Items from a dataset

#####

lemma (in group) normal_finite_residual: "finite_residual G \<lhd> G"
proof (rule normal_invI)
  show "subgroup (finite_residual G) G"
    unfolding finite_residual_def
    using finite_index_subgroup_carrier
    by (intro subgroups_Inter) (auto simp: finite_index_subgroup_def)
  show "g \<otimes> h \<otimes> inv g \<in> finite_residual G" if "g \<in> carrier G" "h \<in> finite_residual G" for g h
    using finite_residual_hom[OF is_group is_group conjugation_hom[OF that(1)] that(2)] by simp
qed

lemma ord_FactGroup_rcoset:
  fixes G (structure)
  assumes "R \<lhd> G" "group N" "f \<in> hom G N"
    and f_R: "\<And>y. y \<in> R \<Longrightarrow> f y = \<one>\<^bsub>N\<^esub>"
    and x: "x \<in> carrier G" and x_pow: "x [^] d = \<one>" and ord_fx: "group.ord N (f x) = d"
  shows "group.ord (G Mod R) (R #> x) = d"
proof -
  interpret normal R G by (rule assms(1))
  interpret N: group N by (rule assms(2))
  interpret group_hom G N f using assms(2,3) by (simp add: group_hom_def group_hom_axioms_def is_group)
  interpret Q: group "G Mod R" by (rule factorgroup_is_group)
  have pow_in_R: "x [^] k \<in> R \<longleftrightarrow> d dvd k" for k :: nat
  proof
    assume "x [^] k \<in> R"
    then have "f x [^]\<^bsub>N\<^esub> k = \<one>\<^bsub>N\<^esub>" using f_R hom_nat_pow[OF x] by metis
    then show "d dvd k" using N.pow_eq_id[OF hom_closed[OF x]] ord_fx by simp
  next
    assume "d dvd k"
    then obtain j where "k = d * j" ..
    then have "x [^] k = \<one>" using x_pow by (simp add: nat_pow_pow[OF x, symmetric])
    then show "x [^] k \<in> R" using subgroup.one_closed[OF subgroup_axioms] by simp
  qed
  have "(R #> x) [^]\<^bsub>G Mod R\<^esub> k = \<one>\<^bsub>G Mod R\<^esub> \<longleftrightarrow> x [^] k \<in> R" for k :: nat
    using FactGroup_pow[OF x, of k] coset_join1[OF _ nat_pow_closed[OF x] subgroup_axioms]
      coset_join2[OF nat_pow_closed[OF x] subgroup_axioms] by auto
  moreover have "R #> x \<in> carrier (G Mod R)" using x by (simp add: carrier_FactGroup)
  ultimately show ?thesis using Q.ord_unique pow_in_R by simp
qed

lemma (in group) normal_normal_closure:
  assumes "S \<subseteq> carrier G"
  shows "normal_closure G S \<lhd> G"
  unfolding normal_closure_def
proof (rule normal_generateI)
  show "{g \<otimes> s \<otimes> inv g | g s. g \<in> carrier G \<and> s \<in> S} \<subseteq> carrier G" using assms by auto
  fix h g assume "h \<in> {g \<otimes> s \<otimes> inv g | g s. g \<in> carrier G \<and> s \<in> S}" and g: "g \<in> carrier G"
  then obtain g' s where h: "h = g' \<otimes> s \<otimes> inv g'" "g' \<in> carrier G" "s \<in> S" by blast
  then have "g \<otimes> h \<otimes> inv g = (g \<otimes> g') \<otimes> s \<otimes> inv (g \<otimes> g')"
    using assms g by (simp add: subset_iff m_assoc inv_mult_group)
  then show "g \<otimes> h \<otimes> inv g \<in> {g \<otimes> s \<otimes> inv g | g s. g \<in> carrier G \<and> s \<in> S}"
    using h g by blast
qed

#####

▶ [Instructions to follow] From the first line of the data above through the line containing "g \<in> finite_residual", repeat each line exactly, and add nothing.

▶ [Solution to the exercise]
lemma (in group) normal_finite_residual: "finite_residual G \<lhd> G"
proof (rule normal_invI)
  show "subgroup (finite_residual G) G"
    unfolding finite_residual_def
    using finite_index_subgroup_carrier
    by (intro subgroups_Inter) (auto simp: finite_index_subgroup_def)
  show "g \<otimes> h \<otimes> inv g \<in> finite_residual G" if "g \<in> carrier G" "h \<in> finite_residual G" for g h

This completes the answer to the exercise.